On Monday Lisée called for Quebec to have the "best immigration possible" and listing three apparently preferred European countries: France, Belgium and Spain.

Of course that led to a kerfuffle with critics saying Lisée wanted to create two classe of immigrants, and Lisée saying he was misinterpreted.

"I talked about Shanghai, Bamako, Tangiers, Santiago. I mean, what else is to be said?" said Lisée.

Provincial Immigration Minister Kathleen Weil was having none of it.

"People don't usually discriminate in their comments -- certainly not here in parliament -- about the origin of somebody, and who's a better immigrant than another," Weil said.

PQ MNA Maka Kotto, the only member of a visible minority in the PQ caucus and an immigrant from Cameroon took shots at Lisée.

"If I understand correctly, I'm a second-class immigrant," he wrote.

 

 

Kotto is backing Lisée's leadership rival, Alexandre Cloutier.
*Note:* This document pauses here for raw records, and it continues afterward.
text \<open>
  Let T = 2 d |log r| / C and N = r^(-d/2) psi_d(r)^(-1/2). If sigma_r(xi) <= N, then
  #Gamma_i < T for some i <= N, so either #Gamma_0 < T or Gamma drops below T at some step
  i <= N. The set Gamma_i is a function of the occupation variables in Q_0, ..., Q_i and of
  the first nu_d(r) steps of the walks started in Q_0, ..., Q_(i-1), whereas the number of
  occupied sites of Q_(i+1) visited by the walks from a fixed A in Q_i depends on disjoint
  coordinates. Hence, conditionally on Gamma_i = A with #A >= T, the estimate defining an
  admissible C (with n = nu_d(r) and B = Q_(i+1)) bounds the probability of a drop by
  beta = exp(-C T) + exp(-r m / 8), and beta <= 2 r^((d+1)/2) once r <= C / 1600.
  A union bound over i <= N bounds the probability in question by (N + 1) beta <= 4 sqrt r.
\<close>

section \<open>Events depending on finitely many coordinates of i.i.d. fields\<close>

abbreviation pmf_fields :: "'x pmf \<Rightarrow> 'y pmf \<Rightarrow> (('a \<Rightarrow> 'x) \<times> ('b \<Rightarrow> 'y)) measure" where
  "pmf_fields p q \<equiv> PiM UNIV (\<lambda>_. measure_pmf p) \<Otimes>\<^sub>M PiM UNIV (\<lambda>_. measure_pmf q)"

definition cylinder :: "'i set \<Rightarrow> ('i \<Rightarrow> 'v) \<Rightarrow> ('i \<Rightarrow> 'v) set" where
  "cylinder S a = {f. \<forall>x\<in>S. f x = a x}"

lemma cylinder_eq_prod_emb:
  "cylinder S a = prod_emb UNIV (\<lambda>_. measure_pmf p) S (PiE S (\<lambda>x. {a x}))"
  by (auto simp: cylinder_def prod_emb_def space_PiM PiE_iff)

lemma cylinder_Int_cylinder:
  "S \<inter> T = {} \<Longrightarrow> cylinder S a \<inter> cylinder T b = cylinder (S \<union> T) (\<lambda>x. if x \<in> S then a x else b x)"
  unfolding cylinder_def by auto

lemma sets_cylinder: "finite S \<Longrightarrow> cylinder S a \<in> sets (PiM UNIV (\<lambda>_. measure_pmf p))"
  unfolding cylinder_eq_prod_emb[where p = p] by (rule sets_PiM_I) auto

lemma emeasure_cylinder:
  assumes "finite S"
  shows "emeasure (PiM UNIV (\<lambda>_. measure_pmf p)) (cylinder S a) = ennreal (\<Prod>x\<in>S. pmf p (a x))"
proof -
  have "emeasure (PiM UNIV (\<lambda>_. measure_pmf p)) (cylinder S a) = (\<Prod>x\<in>S. emeasure (measure_pmf p) {a x})"
    unfolding cylinder_eq_prod_emb[where p = p]
    by (rule emeasure_PiM_emb) (auto simp: prob_space_measure_pmf assms)
  then show ?thesis by (simp add: emeasure_pmf_single prod_ennreal)
qed

lemma prob_space_PiM_pmf: "prob_space (PiM UNIV (\<lambda>_. measure_pmf p))"
  by (rule prob_space_PiM) (simp add: prob_space_measure_pmf)

lemma prob_space_pmf_fields: "prob_space (pmf_fields p q)"
  by (intro prob_space_pair prob_space_PiM_pmf)

lemma space_pmf_fields [simp]: "space (pmf_fields p q) = UNIV"
  by (simp add: space_pair_measure space_PiM)

lemma measure_cylinder_Times:
  assumes "finite S" "finite P"
  shows "measure (pmf_fields p q) (cylinder S a \<times> cylinder P b) =
    (\<Prod>x\<in>S. pmf p (a x)) * (\<Prod>y\<in>P. pmf q (b y))"
proof -
  interpret sigma_finite_measure "PiM UNIV (\<lambda>_. measure_pmf q)"
    using prob_space_PiM_pmf by (rule prob_space_imp_sigma_finite)
  have "emeasure (pmf_fields p q) (cylinder S a \<times> cylinder P b) =
      ennreal (\<Prod>x\<in>S. pmf p (a x)) * ennreal (\<Prod>y\<in>P. pmf q (b y))"
    by (subst emeasure_pair_measure_Times) (auto intro!: sets_cylinder simp: emeasure_cylinder assms)
  then show ?thesis
    by (simp add: measure_def ennreal_mult'[symmetric] prod_nonneg)
qed

definition restrict_fields :: "'a set \<Rightarrow> 'b set \<Rightarrow> ('a \<Rightarrow> 'x) \<times> ('b \<Rightarrow> 'y) \<Rightarrow> ('a \<Rightarrow> 'x) \<times> ('b \<Rightarrow> 'y)" where
  "restrict_fields S P w = (restrict (fst w) S, restrict (snd w) P)"

abbreviation fiber :: "'a set \<Rightarrow> 'b set \<Rightarrow> ('a \<Rightarrow> 'x) \<times> ('b \<Rightarrow> 'y) \<Rightarrow> (('a \<Rightarrow> 'x) \<times> ('b \<Rightarrow> 'y)) set" where
  "fiber S P u \<equiv> {w. restrict_fields S P w = u}"

definition determined_by :: "'a set \<Rightarrow> 'b set \<Rightarrow> (('a \<Rightarrow> 'x) \<times> ('b \<Rightarrow> 'y)) set \<Rightarrow> bool" where
  "determined_by S P X \<longleftrightarrow>
     (\<forall>w w'. restrict_fields S P w = restrict_fields S P w' \<longrightarrow> (w \<in> X \<longleftrightarrow> w' \<in> X))"

lemma restrict_fields_eq_iff:
  "restrict_fields S P w = restrict_fields S P w' \<longleftrightarrow>
     (\<forall>x\<in>S. fst w x = fst w' x) \<and> (\<forall>y\<in>P. snd w y = snd w' y)"
  unfolding restrict_fields_def by (auto simp: restrict_def fun_eq_iff split: if_splits)

lemma fiber_eq_cylinder_Times:
  "fiber S P (restrict_fields S P w0) = cylinder S (fst w0) \<times> cylinder P (snd w0)"
  unfolding restrict_fields_eq_iff cylinder_def by auto

lemma finite_image_restrict_fields:
  assumes "finite S" "finite P"
  shows "finite (restrict_fields S P ` (X :: (('a \<Rightarrow> 'x::finite) \<times> ('b \<Rightarrow> 'y::finite)) set))"
proof (rule finite_subset)
  show "restrict_fields S P ` X \<subseteq> PiE S (\<lambda>_. UNIV) \<times> PiE P (\<lambda>_. UNIV)"
    by (auto simp: restrict_fields_def)
  show "finite (PiE S (\<lambda>_. UNIV :: 'x set) \<times> PiE P (\<lambda>_. UNIV :: 'y set))"
    using assms by (intro finite_cartesian_product finite_PiE) auto
qed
On Tuesday Lisée said his critics were twisting what he said.

"If Minister Weil and Liberals and others choose to distort my words to go on with this campaign of demonizing my candidacy -- or others who want to have a responsible discussion on making immigration a success -- that's their problem," said Lisée.

The leadership candidate said earlier this year he believes Quebec's immigration levels are too high, and the province should accept only 30,000 people annually.

He also wants Quebec to do more to help immigrants integrate, a move that Coalition Avenir Quebec leader Francois Legault supports.

"In order that they be happy and we be happy, we need to have a better integration and I think right now it's too much at 50,000 to have a good integration," said Legault.